# Turtle Stickers



## Julius25 (Jan 23, 2013)

I saw on certain video on youtube that some people who received turtle from a site (i don't remember wich one) have with it a sticker writing on "Warning, protected by killer turtle"
I'm searching this sticker, i can't find it in France and i don't know where to fin one.
Anyone can help me ?


----------



## Julius25 (Jan 23, 2013)

Nobody ???


----------



## kathyth (Jan 23, 2013)

Turtle Source sends this sticker with new turtles


----------



## Julius25 (Jan 23, 2013)

Ha ok it's turtle source.
But the problem it's that i can't received anything from them because they don't send in France.
I will try to make them an e-mail.
Thanks


----------



## Angi (Jan 23, 2013)

Spikesthebest sent me a sticker when I bought Muzuri from him.
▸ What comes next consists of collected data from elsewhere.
lemma has_real_derivative_ln_abs:
  assumes "(f has_real_derivative f') (at x)" "f x \<noteq> 0"
  shows "((\<lambda>x. ln \<bar>f x\<bar>) has_real_derivative f' / f x) (at x)"
proof -
  have ln_abs: "ln \<bar>y\<bar> = ln (y\<^sup>2) / 2" for y :: real
    using ln_realpow[of "\<bar>y\<bar>" 2] by (cases "y = 0") simp_all
  have "0 < f x * f x"
    using assms(2) by (metis linorder_neq_iff mult_neg_neg mult_pos_pos)
  then have "((\<lambda>x. ln ((f x)\<^sup>2) / 2) has_real_derivative f' / f x) (at x)"
    using assms(1) by (auto intro!: derivative_eq_intros simp: field_simps power2_eq_square)
  then show ?thesis unfolding ln_abs .
qed

lemma binomial_sum_Suc:
  fixes a b :: "nat \<Rightarrow> 'a :: comm_semiring_1"
  shows "(\<Sum>i\<le>n. of_nat (n choose i) * (a (Suc i) * b (n - i) + a i * b (Suc (n - i)))) =
    (\<Sum>i\<le>Suc n. of_nat (Suc n choose i) * a i * b (Suc n - i))"
proof -
  have "(\<Sum>i\<le>Suc n. of_nat (Suc n choose i) * a i * b (Suc n - i)) =
      a 0 * b (Suc n) + (\<Sum>i\<le>n. of_nat ((n choose i) + (n choose (Suc i))) * a (Suc i) * b (n - i))"
    unfolding sum.atMost_Suc_shift by simp
  moreover have "(\<Sum>i\<le>n. of_nat (n choose i) * a i * b (Suc (n - i))) =
      (\<Sum>i\<le>Suc n. of_nat (n choose i) * a i * b (Suc n - i))"
    by (simp add: Suc_diff_le binomial_eq_0)
  moreover have "\<dots> = a 0 * b (Suc n) + (\<Sum>i\<le>n. of_nat (n choose (Suc i)) * a (Suc i) * b (n - i))"
    unfolding sum.atMost_Suc_shift by simp
  ultimately show ?thesis
    by (simp add: algebra_simps sum.distrib)
qed

lemma deriv_ln_abs:
  fixes f :: "real \<Rightarrow> real"
  shows "f differentiable at x \<Longrightarrow> f x \<noteq> 0 \<Longrightarrow> deriv (\<lambda>x. ln \<bar>f x\<bar>) x = deriv f x / f x"
  using has_real_derivative_ln_abs[of f "deriv f x" x] DERIV_deriv_iff_real_differentiable DERIV_imp_deriv
  by blast

lemma higher_deriv_mult_real:
  assumes "open I" "smooth_on I f" "smooth_on I g" "z \<in> I"
  shows "(deriv ^^ n) (\<lambda>w. f w * g w) z =
    (\<Sum>i\<le>n. of_nat (n choose i) * (deriv ^^ i) f z * (deriv ^^ (n - i)) g z)"
  using assms(4)
proof (induction n arbitrary: z)
  case 0 then show ?case by simp
next
  case (Suc n)
  have diff: "(deriv ^^ k) h field_differentiable at z" if "smooth_on I h" for h k
    using smooth_on_field_differentiable[OF smooth_on_higher_deriv[OF that] Suc.prems] .
  have "(deriv ^^ Suc n) (\<lambda>w. f w * g w) z =
      deriv (\<lambda>w. \<Sum>i\<le>n. of_nat (n choose i) * (deriv ^^ i) f w * (deriv ^^ (n - i)) g w) z"
    unfolding funpow.simps(2) o_apply by (rule deriv_cong_open[OF assms(1) ballI[OF Suc.IH] Suc.prems])
  also have "\<dots> = (\<Sum>i\<le>n. of_nat (n choose i) *
      ((deriv ^^ Suc i) f z * (deriv ^^ (n - i)) g z + (deriv ^^ i) f z * (deriv ^^ Suc (n - i)) g z))"
    using diff assms(2,3) by (simp add: field_differentiable_mult algebra_simps)
  also have "\<dots> = (\<Sum>i\<le>Suc n. of_nat (Suc n choose i) * (deriv ^^ i) f z * (deriv ^^ (Suc n - i)) g z)"
    by (rule binomial_sum_Suc[where a = "\<lambda>i. (deriv ^^ i) f z" and b = "\<lambda>i. (deriv ^^ i) g z"])
  finally show ?case .
qed
(* Let $(X,d)$, $(\Lambda,d_\Lambda)$ be compact metric spaces, $\tau:\Lambda\times X\to X$ continuous and $q:X\to\mathcal P(\Lambda)$ continuous. Assume: (M1) there is $s>0$ such that $\int_\Lambda|f(\tau(\lambda,x))-f(\tau(\lambda,y))|\,dq_x(\lambda)\le s\,d(x,y)$ for all $x,y\in X$ and all $f\in\mathrm{Lip}_1(X)$; (H2) there is $r\ge0$ with $d(\tau(\lambda_1,x),\tau(\lambda_2,x))\le r\,d_\Lambda(\lambda_1,\lambda_2)$ for all $\lambda_1,\lambda_2\in\Lambda$, $x\in X$; (H3) there is $t\ge0$ with $d_{MK}(q_x,q_y)\le t\,d(x,y)$ for all $x,y\in X$. Then $T_q$ is $(s+r t)$-Lipschitz with respect to $d_{MK}$ on $\mathcal P(X)$.
   Context: $\mathcal{P}(Y)$ is the set of Borel probability measures on a compact metric space $Y$, with $d_{MK}(\mu,\nu)=\sup_{f\in \mathrm{Lip}_1(Y)}\{\int f\,d\mu-\int f\,d\nu\}$, where $\mathrm{Lip}_1(Y)$ is the set of real $1$-Lipschitz functions on $Y$. The transfer operator is $B_q(f)(x)=\int_\Lambda f(\tau(\lambda,x))\,dq_x(\lambda)$ and the Markov operator $T_q$ on $\mathcal P(X)$ is defined by $\int f\,dT_q(\mu)=\int B_q(f)\,d\mu$ for $f\in C(X)$. *)

theory Defs
  imports "HOL-Probability.Probability"
begin

definition prob_borel :: "'a::metric_space measure \<Rightarrow> bool" where
  "prob_borel M \<longleftrightarrow> prob_space M \<and> sets M = sets borel"

definition dMK :: "'a::metric_space measure \<Rightarrow> 'a measure \<Rightarrow> real" where
  "dMK \<mu> \<nu> = Sup {(\<integral>y. f y \<partial>\<mu>) - (\<integral>y. f y \<partial>\<nu>) | f :: 'a \<Rightarrow> real. 1-lipschitz_on UNIV f}"

definition Bq :: "('x \<Rightarrow> 'l::metric_space measure) \<Rightarrow> ('l \<Rightarrow> 'x \<Rightarrow> 'x) \<Rightarrow> ('x \<Rightarrow> real) \<Rightarrow> 'x \<Rightarrow> real" where
  "Bq q \<tau> f x = (\<integral>l. f (\<tau> l x) \<partial>(q x))"

definition Tq :: "('x::metric_space \<Rightarrow> 'l::metric_space measure) \<Rightarrow> ('l \<Rightarrow> 'x \<Rightarrow> 'x) \<Rightarrow> 'x measure \<Rightarrow> 'x measure" where
  "Tq q \<tau> \<mu> = (THE \<nu>. prob_borel \<nu> \<and>
     (\<forall>f :: 'x \<Rightarrow> real. continuous_on UNIV f \<longrightarrow> (\<integral>x. f x \<partial>\<nu>) = (\<integral>x. Bq q \<tau> f x \<partial>\<mu>)))"
(* Let $\frac{p}{q}\in\mathbb{Q}\cap[0,1)$. Then there exists an integer $k\ge 0$ such that $R^k\!\left(\frac{p}{q}\right)\in\{0,\tfrac12\}$.
   Context: The map $R:[0,1)\to[0,1)$ is defined by $R(s)=\frac{s}{1-2s}-\left\lfloor\frac{s}{1-2s}\right\rfloor$ for $s\in[0,\tfrac12)$ and $R(s)=1-s$ for $s\in[\tfrac12,1)$; $R^k$ denotes the $k$-fold iterate, $R^0$ the identity. *)

theory Defs
  imports Complex_Main
begin

text \<open>The map R on [0,1): R(s) = frac(s/(1-2s)) for s in [0,1/2), R(s) = 1 - s for s in [1/2,1).
  Values outside [0,1) are irrelevant (the interval is invariant).\<close>
definition R :: "real \<Rightarrow> real" where
  "R s = (if s < 1/2 then s / (1 - 2*s) - of_int \<lfloor>s / (1 - 2*s)\<rfloor> else 1 - s)"

end

theory Submission
  imports Defs
begin

text \<open>Write the rational as \<open>a/n\<close> with \<open>0 \<le> a < n\<close> and induct on the denominator \<open>n\<close>.
  If \<open>a/n > 1/2\<close>, one step of \<open>R\<close> gives \<open>(n - a)/n < 1/2\<close>. If \<open>0 < a/n < 1/2\<close>, write
  \<open>n = 2a + d\<close>; then \<open>a/n / (1 - 2a/n) = a/d\<close>, so \<open>R(a/n) = (a mod d)/d\<close>, a fraction with the
  strictly smaller denominator \<open>d\<close>.\<close>

definition reaches_zero_or_half :: "real \<Rightarrow> bool" where
  "reaches_zero_or_half x \<longleftrightarrow> (\<exists>k. (R ^^ k) x \<in> {0, 1/2})"

lemma reaches_zero_or_half_if_R: "reaches_zero_or_half (R x) \<Longrightarrow> reaches_zero_or_half x"
  unfolding reaches_zero_or_half_def by (metis comp_apply funpow_Suc_right)

lemma R_ge_half: "1/2 \<le> s \<Longrightarrow> R s = 1 - s"
  by (simp add: R_def)

lemma R_lt_half: "s < 1/2 \<Longrightarrow> R s = frac (s / (1 - 2*s))"
  by (simp add: R_def frac_def)

lemma frac_of_nat_divide: "frac (real a / real d) = real (a mod d) / real d"
proof (cases "d = 0")
  case False
  have "real a = real d * real (a div d) + real (a mod d)"
    by (metis div_mult_mod_eq of_nat_add of_nat_mult mult.commute)
  then have "real a / real d - real (a div d) = real (a mod d) / real d"
    using False by (simp add: field_simps)
  then show ?thesis
    by (simp add: frac_def floor_divide_of_nat_eq)
qed (simp add: frac_def)

lemma R_of_nat_divide_lt_half:
  assumes "d > 0"
  shows "R (real a / real (2*a + d)) = real (a mod d) / real d"
proof -
  have lt: "real a / real (2*a + d) < 1/2"
    using assms by (simp add: field_simps)
  have "1 - 2 * (real a / real (2*a + d)) = real d / real (2*a + d)"
    using assms by (simp add: field_simps)
  then have "real a / real (2*a + d) / (1 - 2 * (real a / real (2*a + d))) = real a / real d"
    using assms by simp
  then show ?thesis
    by (simp only: R_lt_half[OF lt] frac_of_nat_divide)
qed

lemma R_of_nat_divide_gt_half:
  assumes "n < 2*a" "a \<le> n"
  shows "R (real a / real n) = real (n - a) / real n"
proof -
  have "1/2 \<le> real a / real n"
    using assms by (simp add: field_simps)
  then show ?thesis
    using assms by (simp add: R_ge_half of_nat_diff field_simps)
qed

lemma reaches_zero_or_half_of_nat_divide:
  "a < n \<Longrightarrow> reaches_zero_or_half (real a / real n)"
proof (induction n arbitrary: a rule: less_induct)
  case (less n)
  have below_half: "reaches_zero_or_half (real b / real n)" if "2*b < n" for b
  proof (cases "b = 0")
    case True
    then show ?thesis
      unfolding reaches_zero_or_half_def by (intro exI[of _ 0]) simp
  next
    case False
    define d where "d = n - 2*b"
    have "d > 0" "d < n" "n = 2*b + d"
      using that False by (auto simp: d_def)
    moreover have "reaches_zero_or_half (real (b mod d) / real d)"
      using less.IH \<open>d < n\<close> \<open>d > 0\<close> by simp
    ultimately show ?thesis
      by (metis R_of_nat_divide_lt_half reaches_zero_or_half_if_R)
  qed
  consider "2*a < n" | "2*a = n" | "n < 2*a"
    by linarith
  then show ?case
  proof cases
    case 1
    then show ?thesis by (rule below_half)
  next
    case 2
    then have "real a / real n = 1/2"
      using less.prems by (simp add: field_simps)
    then show ?thesis
      unfolding reaches_zero_or_half_def by (intro exI[of _ 0]) simp
  next
    case 3
    then have "reaches_zero_or_half (real (n - a) / real n)"
      using less.prems by (intro below_half) simp
    then show ?thesis
      using 3 less.prems by (metis R_of_nat_divide_gt_half less_imp_le reaches_zero_or_half_if_R)
  qed
qed

theorem lemma3p1:
  fixes x :: real
  assumes "x \<in> \<rat>" and "0 \<le> x" and "x < 1"
  shows "\<exists>k::nat. (R ^^ k) x \<in> {0, 1/2}"
proof -
  obtain i :: int and n :: nat where "n \<noteq> 0" and x: "x = real_of_int i / real n"
    using assms(1) by (auto simp: Rats_eq_int_div_nat)
  then have "0 \<le> i" "i < int n"
    using assms(2,3) by (auto simp: zero_le_divide_iff divide_less_eq)
  then have "x = real (nat i) / real n" "nat i < n"
    using x by auto
  then show ?thesis
    using reaches_zero_or_half_of_nat_divide reaches_zero_or_half_def by metis
qed

end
Ask him about it.


----------



## Pokeymeg (Jan 24, 2013)

I got mine from TurtleSource


----------



## Julius25 (Jan 24, 2013)

i send a mail yesterday and i'm waiting .... finger cross


----------



## james1974 (Jan 24, 2013)

Ben Siegel.com it a pet shop out of Florida he's got all kinds of stickers like that and awesome reptiles too.


----------



## Julius25 (Jan 25, 2013)

Turtle source didn't answer me ...


----------